→ **Task details**: Read through the data, and wherever a line holds the word "length", write that line out.

(Supplied records)

lemma independent_of_dual_points:
  fixes f :: "'i \<Rightarrow> nat list \<Rightarrow> 'k::field" and pt :: "'i \<Rightarrow> nat list"
  assumes nz: "\<And>i. i \<in> I \<Longrightarrow> f i (pt i) \<noteq> 0"
    and z: "\<And>i j. i \<in> I \<Longrightarrow> j \<in> I \<Longrightarrow> j \<noteq> i \<Longrightarrow> f j (pt i) = 0"
  shows "\<not> module.dependent cscale (f ` I)"
proof -
  interpret M: module "cscale :: 'k \<Rightarrow> (nat list \<Rightarrow> 'k) \<Rightarrow> _" by (rule module_cscale)
  show ?thesis
    unfolding M.independent_explicit_module
  proof (intro allI impI)
    fix t c v assume t: "finite t" "t \<subseteq> f ` I" "(\<Sum>v\<in>t. cscale (c v) v) = 0" "v \<in> t"
    then obtain i where i: "i \<in> I" "v = f i" by auto
    have others: "(\<Sum>w\<in>t - {v}. c w * w (pt i)) = 0"
    proof (rule sum.neutral, rule ballI)
      fix w assume "w \<in> t - {v}"
      with t(2) i obtain j where "j \<in> I" "w = f j" "j \<noteq> i" by auto
      thus "c w * w (pt i) = 0" using z[OF i(1)] by simp
    qed
    have "0 = (\<Sum>v\<in>t. cscale (c v) v) (pt i)" using t(3) by simp
    also have "\<dots> = c v * v (pt i) + (\<Sum>w\<in>t - {v}. c w * w (pt i))"
      by (simp add: sum_fun_apply cscale_def sum.remove[OF t(1) t(4)])
    finally show "c v = 0" using others nz[OF i(1)] i(2) by simp
  qed
qed
text \<open>Alternating cone A(G,C) as a subset of R^E (functions on E; values off E irrelevant).\<close>
definition alt_cone :: "'v set \<Rightarrow> 'e set \<Rightarrow> ('e \<Rightarrow> 'v set) \<Rightarrow> ('e \<Rightarrow> color) \<Rightarrow> ('e \<Rightarrow> real) set" where
  "alt_cone V E ends C = {x. (\<forall>e\<in>E. 0 \<le> x e) \<and>
     (\<forall>v\<in>V. (\<Sum>e\<in>{e\<in>E. v \<in> ends e \<and> C e = Red}. x e) =
             (\<Sum>e\<in>{e\<in>E. v \<in> ends e \<and> C e = Blue}. x e))}"

definition in_alt_cone_nat :: "'v set \<Rightarrow> 'e set \<Rightarrow> ('e \<Rightarrow> 'v set) \<Rightarrow> ('e \<Rightarrow> color) \<Rightarrow> ('e \<Rightarrow> nat) \<Rightarrow> bool" where
  "in_alt_cone_nat V E ends C f \<longleftrightarrow> (\<lambda>e. real (f e)) \<in> alt_cone V E ends C"

definition feasible :: "'e set \<Rightarrow> ('e \<Rightarrow> nat) \<Rightarrow> ('e \<Rightarrow> nat) \<Rightarrow> ('e \<Rightarrow> nat) \<Rightarrow> bool" where
  "feasible E l u f \<longleftrightarrow> (\<forall>e\<in>E. l e \<le> f e \<and> f e \<le> u e)"

text \<open>Residual 2-colored graph G(f): edge (e,i) is the copy e_i, i \<in> {1,2,3,4}.
  Its endpoints are those of e.\<close>
definition res_edges :: "'e set \<Rightarrow> ('e \<Rightarrow> nat) \<Rightarrow> ('e \<Rightarrow> nat) \<Rightarrow> ('e \<Rightarrow> nat) \<Rightarrow> ('e \<times> nat) set" where
  "res_edges E l u f =
     {(e,1) | e. e \<in> E \<and> f e + 1 \<le> u e} \<union>
     {(e,2) | e. e \<in> E \<and> f e + 2 \<le> u e} \<union>
     {(e,3) | e. e \<in> E \<and> l e + 1 \<le> f e} \<union>
     {(e,4) | e. e \<in> E \<and> l e + 2 \<le> f e}"

definition res_ends :: "('e \<Rightarrow> 'v set) \<Rightarrow> ('e \<times> nat) \<Rightarrow> 'v set" where
  "res_ends ends a = ends (fst a)"

definition res_color :: "('e \<Rightarrow> color) \<Rightarrow> ('e \<times> nat) \<Rightarrow> color" where
  "res_color C a = (if snd a \<in> {1,2} then C (fst a) else opp (C (fst a)))"

text \<open>Closed alternating trail (v_0,a_1,v_1,...,a_m,v_m): vs = [v_0..v_m], es = [a_1..a_m].\<close>
definition is_CAT :: "'x set \<Rightarrow> ('x \<Rightarrow> 'v set) \<Rightarrow> ('x \<Rightarrow> color) \<Rightarrow> 'v list \<Rightarrow> 'x list \<Rightarrow> bool" where
  "is_CAT E ends C vs es \<longleftrightarrow>
     es \<noteq> [] \<and> length vs = length es + 1 \<and> hd vs = last vs \<and>
     distinct es \<and> set es \<subseteq> E \<and>
     (\<forall>j<length es. ends (es ! j) = {vs ! j, vs ! (j+1)}) \<and>
     (\<forall>j. j + 1 < length es \<longrightarrow> C (es ! j) \<noteq> C (es ! (j+1))) \<and>
     C (last es) \<noteq> C (hd es)"

definition has_CAT_through :: "'x set \<Rightarrow> ('x \<Rightarrow> 'v set) \<Rightarrow> ('x \<Rightarrow> color) \<Rightarrow> 'x \<Rightarrow> bool" where
  "has_CAT_through E ends C a \<longleftrightarrow> (\<exists>vs es. is_CAT E ends C vs es \<and> a \<in> set es)"

end

theory Submission
  imports Defs
begin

(End Supplied records)

→ **Solution to the exercise**:
     es \<noteq> [] \<and> length vs = length es + 1 \<and> hd vs = last vs \<and>
     (\<forall>j<length es. ends (es ! j) = {vs ! j, vs ! (j+1)}) \<and>
     (\<forall>j. j + 1 < length es \<longrightarrow> C (es ! j) \<noteq> C (es ! (j+1))) \<and>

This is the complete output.